Geothermal energy is heat that by conduction mechanisms through rocks and convective processes of water can be found in the subsoil and exploited through direct use or by transforming it into other forms of energy. The use of this renewable resource for power generation at a commercial level began in Italy at the early 20th century [1], [2], however, only approximately 15% of the estimated worldwide potential for geothermal power generation, which ranges between 70 to 80 GW, is currently being utilized [3].
Geothermal energy represented only 0.51% of renewable energy globally in 2021. Although the contribution is low, the worldwide generation of geothermal energy increased 13.9% from 2019 to 2021 [4].
In Latin America, México has the largest installed capacity in geothermal energy, producing 951 MW, which contributes 1.14% of its energy matrix. Chile has incorporated this resource into the electricity generation network with 45 MW, which represents 0.17% of its installed capacity [5]. Central America, located in the ring of fire, with interaction between the Cocos plate subducting into the Caribbean plate, and the Caribbean and North American plates moving against each other in a strike-slip fault system; possesses a geotectonic setting that provides it with a significant potential for the utilization of geothermal resources, with depths ranging from 500 m to 3000 m capable of reaching temperatures of 200 °C to 300 °C [6]. El Salvador, Costa Rica, Nicaragua, and Guatemala are on the top 14 countries with the highest contribution of geothermal energy to their energy matrix; however, it is only possible to produce around 12% of their estimated potential [7]. Honduras had not utilized this resource for electricity generation until 2017, when a plant was established contributing 39 MW to the national grid.

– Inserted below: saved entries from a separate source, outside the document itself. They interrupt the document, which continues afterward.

(* Let $k$ be a field with $\operatorname{char}(k)\nmid(d+1)!$, $V$ an $n$-dimensional $k$-vector space, $S=\operatorname{Sym}V$. Let $f\in S_{d+1}$ satisfy $\dim_k\langle\nabla f\rangle=n$. Then $f$ is a direct sum if and only if $\nabla f\in\operatorname{Grass}(n,S_d)$ is a direct sum if and only if $\nabla f\in\operatorname{Grass}(n,S_d)$ is a balanced direct sum.
   Context: For $f\in S_{d+1}$ and a basis $x_1,\dots,x_n$ of $V$, $\langle\nabla f\rangle$ is the $k$-span of $\partial f/\partial x_1,\dots,\partial f/\partial x_n$ in $S_d$, and when this has dimension $n$, $\nabla f$ is the corresponding point of $\operatorname{Grass}(n,S_d)$. A form $f$ is a direct sum if there is a decomposition $V=U\oplus W$ and nonzero $f_1\in\operatorname{Sym}^{d+1}U$, $f_2\in\operatorname{Sym}^{d+1}W$ with $f=f_1+f_2$. An $m$-dimensional subspace $L\subset\operatorname{Sym}^dV$ is a direct sum if there is a non-trivial decomposition $V=U\oplus W$ and subspaces $L_1\subset\operatorname{Sym}^dU$, $L_2\subset\operatorname{Sym}^dW$ of dimensions $m_1+m_2=m$ with $L=L_1+L_2$; it is a balanced direct sum if moreover $m_1=\dim_kU$, $m_2=\dim_kW$. *)

theory Defs
  imports Main HOL.Vector_Spaces "HOL-Library.Poly_Mapping"
begin

text \<open>Polynomials in the variables indexed by the finite type 'n (a basis x_i of V)
  with coefficients in 'k: S = Sym V = k[x_i].  Monomials are exponent vectors.\<close>

type_synonym ('n, 'k) mpoly = "('n \<Rightarrow>\<^sub>0 nat) \<Rightarrow>\<^sub>0 'k"

definition psmult :: "'k::field \<Rightarrow> ('n, 'k) mpoly \<Rightarrow> ('n, 'k) mpoly" where
  "psmult c p = Poly_Mapping.map (\<lambda>x. c * x) p"

abbreviation pspan :: "('n, 'k::field) mpoly set \<Rightarrow> ('n, 'k) mpoly set" where
  "pspan \<equiv> module.span psmult"

abbreviation psubspace :: "('n, 'k::field) mpoly set \<Rightarrow> bool" where
  "psubspace \<equiv> module.subspace psmult"

abbreviation pdim :: "('n, 'k::field) mpoly set \<Rightarrow> nat" where
  "pdim \<equiv> vector_space.dim psmult"

definition mono_deg :: "('n \<Rightarrow>\<^sub>0 nat) \<Rightarrow> nat" where
  "mono_deg a = (\<Sum>i\<in>Poly_Mapping.keys a. Poly_Mapping.lookup a i)"

definition Sdeg :: "nat \<Rightarrow> ('n, 'k::field) mpoly set" where
  "Sdeg m = {p. \<forall>a\<in>Poly_Mapping.keys p. mono_deg a = m}"

definition pd :: "'n \<Rightarrow> ('n, 'k::field) mpoly \<Rightarrow> ('n, 'k) mpoly" where
  "pd i p = (\<Sum>a\<in>Poly_Mapping.keys p. Poly_Mapping.single (a - Poly_Mapping.single i 1)
                              (of_nat (Poly_Mapping.lookup a i) * Poly_Mapping.lookup p a))"

definition grad_span :: "('n, 'k::field) mpoly \<Rightarrow> ('n, 'k) mpoly set" where
  "grad_span f = pspan (range (\<lambda>i. pd i f))"

text \<open>Sym^m U for a subspace U of V = S_1 (as a subspace of S_m).\<close>
definition symp :: "('n, 'k::field) mpoly set \<Rightarrow> nat \<Rightarrow> ('n, 'k) mpoly set" where
  "symp U m = pspan {prod_list ls | ls. length ls = m \<and> set ls \<subseteq> U}"

definition setsum :: "('n, 'k::field) mpoly set \<Rightarrow> ('n, 'k) mpoly set \<Rightarrow> ('n, 'k) mpoly set" where
  "setsum A B = {a + b | a b. a \<in> A \<and> b \<in> B}"

text \<open>V = U \<oplus> W, where V = S_1 is the space of linear forms.\<close>
definition vdecomp :: "('n, 'k::field) mpoly set \<Rightarrow> ('n, 'k) mpoly set \<Rightarrow> bool" where
  "vdecomp U W \<longleftrightarrow> psubspace U \<and> psubspace W \<and> U \<subseteq> Sdeg 1 \<and> W \<subseteq> Sdeg 1 \<and>
     U \<inter> W = {0} \<and> setsum U W = Sdeg 1"

definition form_direct_sum :: "nat \<Rightarrow> ('n, 'k::field) mpoly \<Rightarrow> bool" where
  "form_direct_sum d f \<longleftrightarrow> (\<exists>U W f1 f2. vdecomp U W \<and>
      f1 \<in> symp U (d+1) \<and> f2 \<in> symp W (d+1) \<and> f1 \<noteq> 0 \<and> f2 \<noteq> 0 \<and> f = f1 + f2)"

definition subsp_direct_sum :: "nat \<Rightarrow> ('n, 'k::field) mpoly set \<Rightarrow> bool" where
  "subsp_direct_sum d L \<longleftrightarrow> (\<exists>U W L1 L2. vdecomp U W \<and> U \<noteq> {0} \<and> W \<noteq> {0} \<and>
      psubspace L1 \<and> psubspace L2 \<and> L1 \<subseteq> symp U d \<and> L2 \<subseteq> symp W d \<and>
      pdim L1 + pdim L2 = pdim L \<and> L = setsum L1 L2)"

definition subsp_balanced_direct_sum :: "nat \<Rightarrow> ('n, 'k::field) mpoly set \<Rightarrow> bool" where
  "subsp_balanced_direct_sum d L \<longleftrightarrow> (\<exists>U W L1 L2. vdecomp U W \<and> U \<noteq> {0} \<and> W \<noteq> {0} \<and>
      psubspace L1 \<and> psubspace L2 \<and> L1 \<subseteq> symp U d \<and> L2 \<subseteq> symp W d \<and>
      pdim L1 + pdim L2 = pdim L \<and> L = setsum L1 L2 \<and>
      pdim L1 = pdim U \<and> pdim L2 = pdim W)"

end

theory Submission
  imports Defs
begin

(* If f = f1 + f2 with f1 in Sym U and f2 in Sym W, the partials of f are the partials of f1 and
   of f2; these lie in Sym^d U and Sym^d W, which meet only in 0 by Euler's identity, and span
   spaces of dimension at most dim U and dim W.  As dim U + dim W = n, a gradient of dimension n
   forces both bounds to be attained.

   Conversely, if the gradient lies in Sym^d U + Sym^d W, then for d >= 2 every derivative of f
   in a direction annihilating W lies in Sym^d U (its second derivatives land in
   Sym^(d-1) U /\ Sym^(d-1) W = 0), and Euler's identity, with x_i and the partials split along
   V = U (+) W, reassembles f as f1 + f2.  A quadratic form with n >= 2 is split by completing
   the square: f = l^2 / (2 l(v)) + f2, where l is the derivative of f in a direction v with
   nonzero second derivative and f2 is a quadratic form in the linear forms vanishing at v.
   For d = 0 the gradient spans at most a line, so n = 1 and no decomposition exists. *)

section \<open>Polynomials as a vector space; partial derivatives\<close>

lemma psmult_conv_mult: "psmult c p = Poly_Mapping.single 0 c * p"
  unfolding psmult_def by (rule mult_map_scale_conv_mult)

interpretation pvec: vector_space "psmult :: 'k::field \<Rightarrow> ('n, 'k) mpoly \<Rightarrow> ('n, 'k) mpoly"
proof
  fix a b :: 'k and x y :: "('n, 'k) mpoly"
  show "psmult a (x + y) = psmult a x + psmult a y" by (simp add: psmult_conv_mult distrib_left)
  show "psmult (a + b) x = psmult a x + psmult b x" by (simp add: psmult_conv_mult single_add distrib_right)
  show "psmult a (psmult b x) = psmult (a * b) x" by (simp add: psmult_conv_mult mult_single flip: mult.assoc)
  show "psmult 1 x = x" by (simp add: psmult_conv_mult)
qed

lemma lookup_psmult: "Poly_Mapping.lookup (psmult c p) a = c * Poly_Mapping.lookup p a"
  by (simp add: psmult_def map.rep_eq when_def)

lemma psmult_mult_left: "psmult c p * q = psmult c (p * q)"
  by (simp add: psmult_conv_mult mult.assoc)

lemma psmult_mult_right: "p * psmult c q = psmult c (p * q)"
  by (simp add: psmult_conv_mult mult.left_commute)

lemma psmult_sum: "psmult c (sum g A) = (\<Sum>a\<in>A. psmult c (g a))"
  by (simp add: psmult_conv_mult sum_distrib_left)

lemma psmult_two: "psmult 2 x = x + x"
  using pvec.scale_left_distrib[of 1 1 x] by simp

definition mono_var :: "'n \<Rightarrow> ('n \<Rightarrow>\<^sub>0 nat)" where
  "mono_var i = Poly_Mapping.single i 1"

definition mvar :: "'n \<Rightarrow> ('n, 'k::field) mpoly" where
  "mvar i = Poly_Mapping.single (mono_var i) 1"

definition lin_coeff :: "('n, 'k::field) mpoly \<Rightarrow> 'n \<Rightarrow> 'k" where
  "lin_coeff m i = Poly_Mapping.lookup m (mono_var i)"

lemma lookup_mono_var: "Poly_Mapping.lookup (mono_var i) j = (if i = j then 1 else 0)"
  by (simp add: mono_var_def lookup_single)

lemma mono_var_eq_iff: "mono_var i = mono_var j \<longleftrightarrow> i = j"
  by (metis lookup_mono_var zero_neq_one)

lemma lookup_minus_nat:
  "Poly_Mapping.lookup (a - b) k = Poly_Mapping.lookup a k - Poly_Mapping.lookup (b :: 'n \<Rightarrow>\<^sub>0 nat) k"
  by (simp add: minus_poly_mapping.rep_eq)

lemma diff_mono_var_add: "Poly_Mapping.lookup a i \<noteq> 0 \<Longrightarrow> (a - mono_var i) + mono_var i = a"
  by (rule poly_mapping_eqI) (auto simp: lookup_add lookup_minus_nat lookup_mono_var)

lemma add_mono_var_diff: "(b + mono_var i) - mono_var i = b"
  by (rule poly_mapping_eqI) (auto simp: lookup_add lookup_minus_nat lookup_mono_var)

lemma mono_var_add_eq_iff:
  "mono_var i + a = b \<longleftrightarrow> a = b - mono_var i \<and> Poly_Mapping.lookup b i \<noteq> 0"
proof
  assume h: "mono_var i + a = b"
  then show "a = b - mono_var i \<and> Poly_Mapping.lookup b i \<noteq> 0"
    using add_mono_var_diff[of a i] by (auto simp: add.commute lookup_add lookup_mono_var)
next
  assume "a = b - mono_var i \<and> Poly_Mapping.lookup b i \<noteq> 0"
  then show "mono_var i + a = b" using diff_mono_var_add[of b i] by (simp add: add.commute)
qed

lemma poly_mapping_sum_single:
  "p = (\<Sum>a\<in>Poly_Mapping.keys p. Poly_Mapping.single a (Poly_Mapping.lookup p a))"
  by (rule poly_mapping_eqI) (simp add: lookup_sum lookup_single when_def sum.delta in_keys_iff)

lemma single_sum: "Poly_Mapping.single k (sum g A) = (\<Sum>a\<in>A. Poly_Mapping.single k (g a))"
  by (induction A rule: infinite_finite_induct) (simp_all add: single_add)

lemma lookup_pd:
  "Poly_Mapping.lookup (pd i p) b =
     of_nat (Poly_Mapping.lookup b i + 1) * Poly_Mapping.lookup p (b + mono_var i)"
proof -
  have summand: "(of_nat (Poly_Mapping.lookup a i) * Poly_Mapping.lookup p a when a - mono_var i = b) =
    (if a = b + mono_var i then of_nat (Poly_Mapping.lookup b i + 1) * Poly_Mapping.lookup p a else 0)"
    for a
  proof (cases "a = b + mono_var i")
    case False
    then have "Poly_Mapping.lookup a i = 0 \<or> a - mono_var i \<noteq> b"
      using diff_mono_var_add by metis
    with False show ?thesis by auto
  qed (simp add: add_mono_var_diff lookup_add lookup_mono_var)
  have "Poly_Mapping.lookup (pd i p) b =
      (\<Sum>a\<in>Poly_Mapping.keys p. of_nat (Poly_Mapping.lookup a i) * Poly_Mapping.lookup p a when a - mono_var i = b)"
    by (simp add: pd_def lookup_sum lookup_single mono_var_def)
  also have "\<dots> = of_nat (Poly_Mapping.lookup b i + 1) * Poly_Mapping.lookup p (b + mono_var i)"
    unfolding summand by (auto simp: sum.delta in_keys_iff)
  finally show ?thesis .
qed

lemma pd_add: "pd i (p + q) = pd i p + pd i q"
  by (rule poly_mapping_eqI) (simp add: lookup_pd lookup_add distrib_left)

lemma pd_psmult: "pd i (psmult c p) = psmult c (pd i p)"
  by (rule poly_mapping_eqI) (simp add: lookup_pd lookup_psmult)

lemma pd_zero [simp]: "pd i 0 = 0"
  by (rule poly_mapping_eqI) (simp add: lookup_pd)

lemma pd_sum: "pd i (sum g A) = (\<Sum>a\<in>A. pd i (g a))"
  by (induction A rule: infinite_finite_induct) (simp_all add: pd_add)

lemma pd_single:
  "pd i (Poly_Mapping.single a c) =
     Poly_Mapping.single (a - mono_var i) (of_nat (Poly_Mapping.lookup a i) * c)"
proof (rule poly_mapping_eqI)
  fix b
  show "Poly_Mapping.lookup (pd i (Poly_Mapping.single a c)) b =
    Poly_Mapping.lookup (Poly_Mapping.single (a - mono_var i) (of_nat (Poly_Mapping.lookup a i) * c)) b"
  proof (cases "a = b + mono_var i")
    case False
    then have "Poly_Mapping.lookup a i = 0 \<or> a - mono_var i \<noteq> b"
      using diff_mono_var_add by metis
    with False show ?thesis by (auto simp: lookup_pd lookup_single)
  qed (simp add: lookup_pd add_mono_var_diff lookup_add lookup_mono_var)
qed

lemma pd_mult_single:
  fixes c e :: "'k::field"
  shows "pd i (Poly_Mapping.single a c * Poly_Mapping.single b e) =
    pd i (Poly_Mapping.single a c) * Poly_Mapping.single b e + Poly_Mapping.single a c * pd i (Poly_Mapping.single b e)"
proof -
  have shift: "Poly_Mapping.single (x - mono_var i + y) (of_nat (Poly_Mapping.lookup x i) * t) =
      Poly_Mapping.single (x + y - mono_var i) (of_nat (Poly_Mapping.lookup x i) * t)" for x y and t :: 'k
  proof (cases "Poly_Mapping.lookup x i = 0")
    case False
    then have "x - mono_var i + y = x + y - mono_var i"
      by (intro poly_mapping_eqI) (auto simp: lookup_add lookup_minus_nat lookup_mono_var)
    then show ?thesis by simp
  qed simp
  show ?thesis
    using shift[of a b "c * e"] shift[of b a "c * e"]
    by (simp add: mult_single pd_single lookup_add algebra_simps single_add)
qed

lemma pd_mult: "pd i (p * q) = pd i p * q + p * pd i (q :: ('n, 'k::field) mpoly)"
proof -
  let ?P = "\<lambda>a. Poly_Mapping.single a (Poly_Mapping.lookup p a)"
  let ?Q = "\<lambda>b. Poly_Mapping.single b (Poly_Mapping.lookup q b)"
  have "pd i ((\<Sum>a\<in>Poly_Mapping.keys p. ?P a) * (\<Sum>b\<in>Poly_Mapping.keys q. ?Q b)) =
      pd i (\<Sum>a\<in>Poly_Mapping.keys p. ?P a) * (\<Sum>b\<in>Poly_Mapping.keys q. ?Q b) +
      (\<Sum>a\<in>Poly_Mapping.keys p. ?P a) * pd i (\<Sum>b\<in>Poly_Mapping.keys q. ?Q b)"
    by (simp add: sum_distrib_left sum_distrib_right pd_sum pd_mult_single sum.distrib)
  then show ?thesis by (simp flip: poly_mapping_sum_single)
qed

lemma pd_commute: "pd i (pd j p) = pd j (pd i p)"
proof (rule poly_mapping_eqI)
  fix b
  have "b + mono_var i + mono_var j = b + mono_var j + mono_var i" by (simp add: add_ac)
  then show "Poly_Mapping.lookup (pd i (pd j p)) b = Poly_Mapping.lookup (pd j (pd i p)) b"
    by (cases "i = j") (simp_all add: lookup_pd lookup_add lookup_mono_var algebra_simps)
qed


section \<open>Homogeneous forms and Euler's identity\<close>

lemma mono_deg_eq_sum: "mono_deg (a :: ('n::finite) \<Rightarrow>\<^sub>0 nat) = (\<Sum>i\<in>UNIV. Poly_Mapping.lookup a i)"
  unfolding mono_deg_def by (rule sum.mono_neutral_left) (auto simp: in_keys_iff)

lemma mono_deg_add: "mono_deg (a + b :: ('n::finite) \<Rightarrow>\<^sub>0 nat) = mono_deg a + mono_deg b"
  by (simp add: mono_deg_eq_sum lookup_add sum.distrib)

This capacity represents 1.3% of its total installed electricity generation capacity [5].
Considering the low environmental impact of the exploration, exploitation, generation, and distribution of geothermal resources [8], and in order to reduce pollution associated with the use of fossil fuels, geothermal energy is being promoted both to maximize its contribution to the energy matrix, as in low enthalpy projects aimed at direct uses, however, its inclusion is not proving so expeditious. The high exploration costs and the risk associated to unsuccessful searching for geothermal sites, the lack of regulatory clarity for the exploration and exploitation, and the difficulties of access to economic resources for the development of geothermal projects, constitute main limitations for the development of this field [9], [10].
In order to carry out a more effective exploration of existing geothermal resources and reduce their associated costs, methods have been proposed to improve pre-feasibility studies using open-access satellite information. In addition, techniques such as distribution models, which were originally developed for other disciplines, are being adapted for this purpose. MaxEnt is a machine learning model, commonly used to forecast species distribution [11], [12], which is also applicable to general problems in which a probability density function must be approximated based on parameters correlated with the presence of a species or the occurrence of a phenomenon [13], [14].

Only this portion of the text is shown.